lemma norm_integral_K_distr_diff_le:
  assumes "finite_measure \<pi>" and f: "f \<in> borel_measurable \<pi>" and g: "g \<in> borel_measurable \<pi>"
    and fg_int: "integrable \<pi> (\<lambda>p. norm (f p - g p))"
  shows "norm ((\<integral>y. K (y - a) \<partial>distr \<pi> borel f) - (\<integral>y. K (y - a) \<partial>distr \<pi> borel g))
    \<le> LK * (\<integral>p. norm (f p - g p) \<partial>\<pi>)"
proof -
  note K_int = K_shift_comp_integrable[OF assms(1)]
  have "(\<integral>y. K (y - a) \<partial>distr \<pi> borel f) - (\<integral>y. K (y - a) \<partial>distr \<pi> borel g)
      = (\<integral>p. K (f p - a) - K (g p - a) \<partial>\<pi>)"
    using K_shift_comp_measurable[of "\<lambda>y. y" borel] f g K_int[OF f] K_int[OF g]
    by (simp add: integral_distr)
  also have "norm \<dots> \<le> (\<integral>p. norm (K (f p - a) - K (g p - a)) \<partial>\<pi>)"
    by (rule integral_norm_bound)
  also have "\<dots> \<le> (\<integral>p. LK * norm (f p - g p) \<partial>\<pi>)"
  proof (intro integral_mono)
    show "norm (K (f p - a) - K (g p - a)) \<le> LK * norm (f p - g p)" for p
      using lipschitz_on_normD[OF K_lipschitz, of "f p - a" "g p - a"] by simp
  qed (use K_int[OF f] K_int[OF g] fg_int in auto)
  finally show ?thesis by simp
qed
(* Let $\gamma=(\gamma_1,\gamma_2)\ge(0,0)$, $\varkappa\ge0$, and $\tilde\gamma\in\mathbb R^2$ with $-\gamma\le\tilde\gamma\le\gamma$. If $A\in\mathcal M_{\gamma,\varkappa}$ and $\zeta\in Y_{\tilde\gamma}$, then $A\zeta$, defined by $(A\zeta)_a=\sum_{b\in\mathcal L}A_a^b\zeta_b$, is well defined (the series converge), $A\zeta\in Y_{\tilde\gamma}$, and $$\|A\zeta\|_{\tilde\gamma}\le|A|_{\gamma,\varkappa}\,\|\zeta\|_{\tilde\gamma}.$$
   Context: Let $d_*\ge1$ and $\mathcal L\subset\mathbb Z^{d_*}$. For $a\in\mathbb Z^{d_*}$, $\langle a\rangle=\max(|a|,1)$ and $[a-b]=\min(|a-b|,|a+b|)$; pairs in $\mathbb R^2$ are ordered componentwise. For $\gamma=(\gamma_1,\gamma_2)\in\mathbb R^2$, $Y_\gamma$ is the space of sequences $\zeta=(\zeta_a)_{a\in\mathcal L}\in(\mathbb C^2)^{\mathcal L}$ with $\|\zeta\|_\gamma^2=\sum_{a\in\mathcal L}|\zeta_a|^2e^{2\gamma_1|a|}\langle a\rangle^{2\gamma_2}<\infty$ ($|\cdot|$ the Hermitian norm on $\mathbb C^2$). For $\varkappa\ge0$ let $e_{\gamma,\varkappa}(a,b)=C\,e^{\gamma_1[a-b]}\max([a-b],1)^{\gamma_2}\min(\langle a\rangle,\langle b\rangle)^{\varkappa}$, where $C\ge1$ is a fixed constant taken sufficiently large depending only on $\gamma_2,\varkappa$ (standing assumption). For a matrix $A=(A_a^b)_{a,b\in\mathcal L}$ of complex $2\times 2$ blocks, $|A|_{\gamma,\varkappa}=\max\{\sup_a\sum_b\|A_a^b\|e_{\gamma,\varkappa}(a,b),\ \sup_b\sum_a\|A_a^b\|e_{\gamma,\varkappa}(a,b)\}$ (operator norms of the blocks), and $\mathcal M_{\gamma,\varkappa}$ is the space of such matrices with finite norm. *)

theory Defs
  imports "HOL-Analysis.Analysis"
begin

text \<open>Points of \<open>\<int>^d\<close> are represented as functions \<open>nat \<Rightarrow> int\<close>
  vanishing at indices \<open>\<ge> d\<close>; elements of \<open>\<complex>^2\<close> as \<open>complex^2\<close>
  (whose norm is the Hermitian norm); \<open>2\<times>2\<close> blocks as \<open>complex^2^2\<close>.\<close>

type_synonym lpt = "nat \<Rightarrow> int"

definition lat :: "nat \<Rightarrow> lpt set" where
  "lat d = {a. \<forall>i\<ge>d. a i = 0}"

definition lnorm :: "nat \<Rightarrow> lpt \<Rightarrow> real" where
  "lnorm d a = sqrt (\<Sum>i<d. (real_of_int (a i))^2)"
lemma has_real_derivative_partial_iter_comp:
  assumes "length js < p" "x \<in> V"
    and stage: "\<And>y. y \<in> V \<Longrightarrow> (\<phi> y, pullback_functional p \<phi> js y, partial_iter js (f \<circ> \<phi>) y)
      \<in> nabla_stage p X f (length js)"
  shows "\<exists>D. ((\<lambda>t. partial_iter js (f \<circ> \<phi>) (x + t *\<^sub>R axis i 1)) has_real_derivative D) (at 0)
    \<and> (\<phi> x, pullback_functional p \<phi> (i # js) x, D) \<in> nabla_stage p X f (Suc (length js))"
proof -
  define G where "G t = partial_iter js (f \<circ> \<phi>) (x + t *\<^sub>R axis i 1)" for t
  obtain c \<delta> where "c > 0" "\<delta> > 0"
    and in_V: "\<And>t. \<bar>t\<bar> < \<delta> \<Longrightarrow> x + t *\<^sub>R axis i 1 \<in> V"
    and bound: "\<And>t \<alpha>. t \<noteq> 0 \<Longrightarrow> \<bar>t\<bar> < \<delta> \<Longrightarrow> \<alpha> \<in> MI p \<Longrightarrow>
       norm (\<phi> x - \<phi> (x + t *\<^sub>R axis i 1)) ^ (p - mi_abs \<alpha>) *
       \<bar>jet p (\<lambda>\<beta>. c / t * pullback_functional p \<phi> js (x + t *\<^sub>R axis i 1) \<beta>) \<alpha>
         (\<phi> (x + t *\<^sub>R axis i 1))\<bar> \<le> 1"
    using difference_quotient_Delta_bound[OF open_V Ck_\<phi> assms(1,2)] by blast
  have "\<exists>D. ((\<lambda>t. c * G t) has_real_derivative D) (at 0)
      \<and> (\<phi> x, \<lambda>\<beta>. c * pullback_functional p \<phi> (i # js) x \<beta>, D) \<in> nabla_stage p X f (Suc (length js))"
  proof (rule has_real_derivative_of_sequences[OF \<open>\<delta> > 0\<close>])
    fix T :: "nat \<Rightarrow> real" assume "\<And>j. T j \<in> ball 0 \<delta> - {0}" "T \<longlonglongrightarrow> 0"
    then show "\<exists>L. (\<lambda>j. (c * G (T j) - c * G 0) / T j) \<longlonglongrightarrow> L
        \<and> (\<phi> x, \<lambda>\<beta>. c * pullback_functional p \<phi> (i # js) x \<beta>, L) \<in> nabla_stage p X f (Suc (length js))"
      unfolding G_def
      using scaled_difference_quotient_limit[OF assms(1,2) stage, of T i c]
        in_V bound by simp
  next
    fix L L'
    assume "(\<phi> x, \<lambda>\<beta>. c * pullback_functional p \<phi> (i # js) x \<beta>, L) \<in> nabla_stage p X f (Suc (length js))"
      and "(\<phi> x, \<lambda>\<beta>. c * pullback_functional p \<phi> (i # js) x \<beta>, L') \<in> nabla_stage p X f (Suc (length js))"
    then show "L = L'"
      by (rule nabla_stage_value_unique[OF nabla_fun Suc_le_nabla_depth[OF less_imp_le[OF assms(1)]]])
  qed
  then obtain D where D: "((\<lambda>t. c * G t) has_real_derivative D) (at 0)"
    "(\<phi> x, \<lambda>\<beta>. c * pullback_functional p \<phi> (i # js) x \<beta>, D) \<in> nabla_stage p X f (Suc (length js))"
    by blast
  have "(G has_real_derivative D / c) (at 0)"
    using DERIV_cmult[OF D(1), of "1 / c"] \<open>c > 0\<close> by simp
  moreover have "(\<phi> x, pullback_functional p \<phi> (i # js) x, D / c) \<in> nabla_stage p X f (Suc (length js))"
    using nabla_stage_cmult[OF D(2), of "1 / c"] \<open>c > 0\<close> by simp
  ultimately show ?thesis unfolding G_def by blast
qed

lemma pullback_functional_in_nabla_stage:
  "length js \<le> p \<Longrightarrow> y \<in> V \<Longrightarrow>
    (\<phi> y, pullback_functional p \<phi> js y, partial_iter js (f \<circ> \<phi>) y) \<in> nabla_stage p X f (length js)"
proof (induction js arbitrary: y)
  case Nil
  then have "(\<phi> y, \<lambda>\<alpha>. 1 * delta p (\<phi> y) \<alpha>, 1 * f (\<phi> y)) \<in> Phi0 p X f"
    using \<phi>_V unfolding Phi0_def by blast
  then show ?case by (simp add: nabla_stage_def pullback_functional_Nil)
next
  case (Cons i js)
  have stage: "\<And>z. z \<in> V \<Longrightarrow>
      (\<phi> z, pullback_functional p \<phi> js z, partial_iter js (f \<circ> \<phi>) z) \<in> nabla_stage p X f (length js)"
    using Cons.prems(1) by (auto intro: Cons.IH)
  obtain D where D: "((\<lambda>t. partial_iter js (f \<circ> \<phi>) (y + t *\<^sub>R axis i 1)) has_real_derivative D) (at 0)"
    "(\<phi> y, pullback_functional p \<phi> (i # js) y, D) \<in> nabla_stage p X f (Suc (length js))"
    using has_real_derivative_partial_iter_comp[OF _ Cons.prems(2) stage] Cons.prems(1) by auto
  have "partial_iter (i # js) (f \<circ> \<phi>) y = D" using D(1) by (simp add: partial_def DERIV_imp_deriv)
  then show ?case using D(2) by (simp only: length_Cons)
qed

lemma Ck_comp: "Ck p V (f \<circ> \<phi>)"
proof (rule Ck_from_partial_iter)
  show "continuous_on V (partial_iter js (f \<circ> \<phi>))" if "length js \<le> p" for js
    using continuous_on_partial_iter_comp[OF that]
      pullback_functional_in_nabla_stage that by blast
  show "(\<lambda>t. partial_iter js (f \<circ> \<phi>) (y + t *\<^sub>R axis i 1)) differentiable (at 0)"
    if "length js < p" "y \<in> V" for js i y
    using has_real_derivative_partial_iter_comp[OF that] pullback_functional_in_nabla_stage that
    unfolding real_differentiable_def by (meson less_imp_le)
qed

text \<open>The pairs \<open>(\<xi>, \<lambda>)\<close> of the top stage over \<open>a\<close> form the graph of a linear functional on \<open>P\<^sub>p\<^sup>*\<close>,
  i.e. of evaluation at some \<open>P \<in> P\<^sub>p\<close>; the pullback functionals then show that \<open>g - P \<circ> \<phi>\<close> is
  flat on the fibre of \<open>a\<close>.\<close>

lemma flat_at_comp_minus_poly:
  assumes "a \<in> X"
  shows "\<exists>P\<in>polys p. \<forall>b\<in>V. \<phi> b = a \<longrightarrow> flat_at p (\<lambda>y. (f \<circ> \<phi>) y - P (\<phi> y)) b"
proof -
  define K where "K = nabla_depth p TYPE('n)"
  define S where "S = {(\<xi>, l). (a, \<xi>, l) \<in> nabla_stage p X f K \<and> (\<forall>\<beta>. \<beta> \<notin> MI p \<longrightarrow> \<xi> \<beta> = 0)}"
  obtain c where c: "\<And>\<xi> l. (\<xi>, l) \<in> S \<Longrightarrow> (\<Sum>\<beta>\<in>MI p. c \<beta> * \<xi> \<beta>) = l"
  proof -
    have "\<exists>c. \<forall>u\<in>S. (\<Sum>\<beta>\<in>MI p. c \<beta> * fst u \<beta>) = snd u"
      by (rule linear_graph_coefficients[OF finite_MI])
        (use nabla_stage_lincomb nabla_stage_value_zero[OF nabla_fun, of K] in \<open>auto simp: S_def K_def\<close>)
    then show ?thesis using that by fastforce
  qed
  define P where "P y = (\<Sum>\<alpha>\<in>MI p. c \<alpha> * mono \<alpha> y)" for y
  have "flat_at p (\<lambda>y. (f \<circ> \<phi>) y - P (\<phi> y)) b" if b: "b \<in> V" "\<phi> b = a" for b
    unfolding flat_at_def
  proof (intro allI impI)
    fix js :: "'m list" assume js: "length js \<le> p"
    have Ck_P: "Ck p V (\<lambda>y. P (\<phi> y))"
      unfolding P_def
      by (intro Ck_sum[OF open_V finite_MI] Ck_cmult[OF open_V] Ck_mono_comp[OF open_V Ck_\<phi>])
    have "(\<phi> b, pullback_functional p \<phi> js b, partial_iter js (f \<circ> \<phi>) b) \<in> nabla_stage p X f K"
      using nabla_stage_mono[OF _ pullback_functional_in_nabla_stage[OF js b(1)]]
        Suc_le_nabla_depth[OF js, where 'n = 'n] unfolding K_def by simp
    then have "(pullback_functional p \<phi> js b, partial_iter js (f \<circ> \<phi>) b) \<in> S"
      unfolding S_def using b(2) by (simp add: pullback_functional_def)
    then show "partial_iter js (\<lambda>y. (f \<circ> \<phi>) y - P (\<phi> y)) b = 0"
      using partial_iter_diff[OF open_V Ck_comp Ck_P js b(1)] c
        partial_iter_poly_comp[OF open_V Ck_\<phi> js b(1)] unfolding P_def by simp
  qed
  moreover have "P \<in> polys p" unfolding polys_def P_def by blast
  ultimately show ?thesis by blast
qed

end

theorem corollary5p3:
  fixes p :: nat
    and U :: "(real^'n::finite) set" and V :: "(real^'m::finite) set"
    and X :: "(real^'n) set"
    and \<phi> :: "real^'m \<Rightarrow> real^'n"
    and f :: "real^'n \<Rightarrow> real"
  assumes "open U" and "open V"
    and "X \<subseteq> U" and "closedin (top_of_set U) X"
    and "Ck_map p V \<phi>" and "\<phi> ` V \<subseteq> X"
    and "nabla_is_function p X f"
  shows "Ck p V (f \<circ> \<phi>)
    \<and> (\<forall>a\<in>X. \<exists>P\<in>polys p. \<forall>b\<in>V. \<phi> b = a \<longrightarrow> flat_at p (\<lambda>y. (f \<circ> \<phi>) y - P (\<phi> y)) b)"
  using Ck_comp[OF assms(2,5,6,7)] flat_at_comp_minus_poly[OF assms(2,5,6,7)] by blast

========

Task details:
Starting at the line that has "g K_int[OF f] K_int[OF g]" in the records above, restate word for word every line until the one that has "a)) \<le> LK", and include that one as well.

Answer to this problem:
    using K_shift_comp_measurable[of "\<lambda>y. y" borel] f g K_int[OF f] K_int[OF g]
    by (simp add: integral_distr)
  also have "norm \<dots> \<le> (\<integral>p. norm (K (f p - a) - K (g p - a)) \<partial>\<pi>)"
    by (rule integral_norm_bound)
  also have "\<dots> \<le> (\<integral>p. LK * norm (f p - g p) \<partial>\<pi>)"
  proof (intro integral_mono)
    show "norm (K (f p - a) - K (g p - a)) \<le> LK * norm (f p - g p)" for p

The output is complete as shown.